『博士の〜数式』をめぐる世評

「春秋」ごときに何を、というのはおいといて。
うまくいえないが…こういう都合のよさで、数学と美を手前勝手に結びつけられることに対する

  • (いわゆる)理系の不満
  • (いわゆる)文系の不満

というのはそれぞれあると思うんだよなぁ…。まぁ理系の人は「なんかまた文系がバカなこと言ってるよ」ってことなのかも知れないけど。文系も、不満というか、鑑賞という点から見たとき、「なんでそんな安い解釈するんだ?」ってのが、あるんじゃないか。

(追記:ここでの「文系」「理系」は勿論便宜的な言い方。二つの不満を同時に持つ場合もある)

小説の構成と、比喩として使われている数式がどうマッチするのか、っていうことは、鑑賞上の興味の対象になる。数式を理解しないなら読むな、ってわけじゃないけど(私もよく知らないし)、あぁなんかこの人は小説的なことがらと、数式の言っていることを重ねようとしているな、というところから、創作への興味や敬意も生まれるんじゃないかと思うのですね。

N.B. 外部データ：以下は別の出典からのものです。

lemma letters_y_nth: "j \<le> max_offset \<Longrightarrow> ly ! j = lt (predk j y)"
proof (cases "y \<le> x")
  case True
  then show "j \<le> max_offset \<Longrightarrow> ?thesis" using x_le_y letters_x_nth by (simp add: step_letters_y_def)
next
  case False
  assume j: "j \<le> max_offset"
  show ?thesis
  proof (cases j)
    case 0
    then show ?thesis using False x_pos by (simp add: step_letters_y_def predk_def)
  next
    case (Suc j')
    have "sum_letters_y down ! j' = lt (predk j' (y - 1))"
      using down False j Suc by (simp add: summary_at_def nth_append)
    moreover have "predk j' (y - 1) = predk j y" using Suc False by (simp add: predk_def)
    ultimately show ?thesis
      using False j Suc by (simp add: step_letters_y_def nth_append down summary_at_def)
  qed
qed

lemma letters_x_eq: "lx = map (\<lambda>i. lt (predk i x)) [0..<Suc max_offset]"
proof (rule nth_equalityI)
  show "length lx = length (map (\<lambda>i. lt (predk i x)) [0..<Suc max_offset])"
    by (simp add: step_letters_x_def min_def)
  fix i
  assume "i < length lx"
  then have "i \<le> max_offset" by (simp add: step_letters_x_def split: if_splits)
  then show "lx ! i = map (\<lambda>i. lt (predk i x)) [0..<Suc max_offset] ! i"
    using letters_x_nth by (simp del: upt_Suc)
qed

lemma letters_y_eq: "ly = map (\<lambda>j. lt (predk j y)) [0..<Suc max_offset]"
proof (rule nth_equalityI)
  show "length ly = length (map (\<lambda>j. lt (predk j y)) [0..<Suc max_offset])"
    by (simp add: step_letters_y_def step_letters_x_def min_def)
  fix j
  assume "j < length ly"
  then have "j \<le> max_offset" by (simp add: step_letters_y_def step_letters_x_def split: if_splits)
  then show "ly ! j = map (\<lambda>j. lt (predk j y)) [0..<Suc max_offset] ! j"
    using letters_y_nth by (simp del: upt_Suc)
qed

というか、そうか。元記事を書いた人にとって、これは数学的な「事実」についての小説だから、「春秋」にとりあげる価値があるってことなのかしら。そうなのかも知れないな…。ある人々にとって、作家というのは、おもしろい題材を取り上げて、事実を曲げずに人に読ませるルポライターのような仕事なのかも…。読書感想文には「すうがくのふかいせかいのことがわかってよかったです」と書けばよい。(この段、勝手な決めつけの上に皮肉を言うメソッドを適用)

もしそうじゃなかったら、SFがもっとたくさん読まれていてもいいし。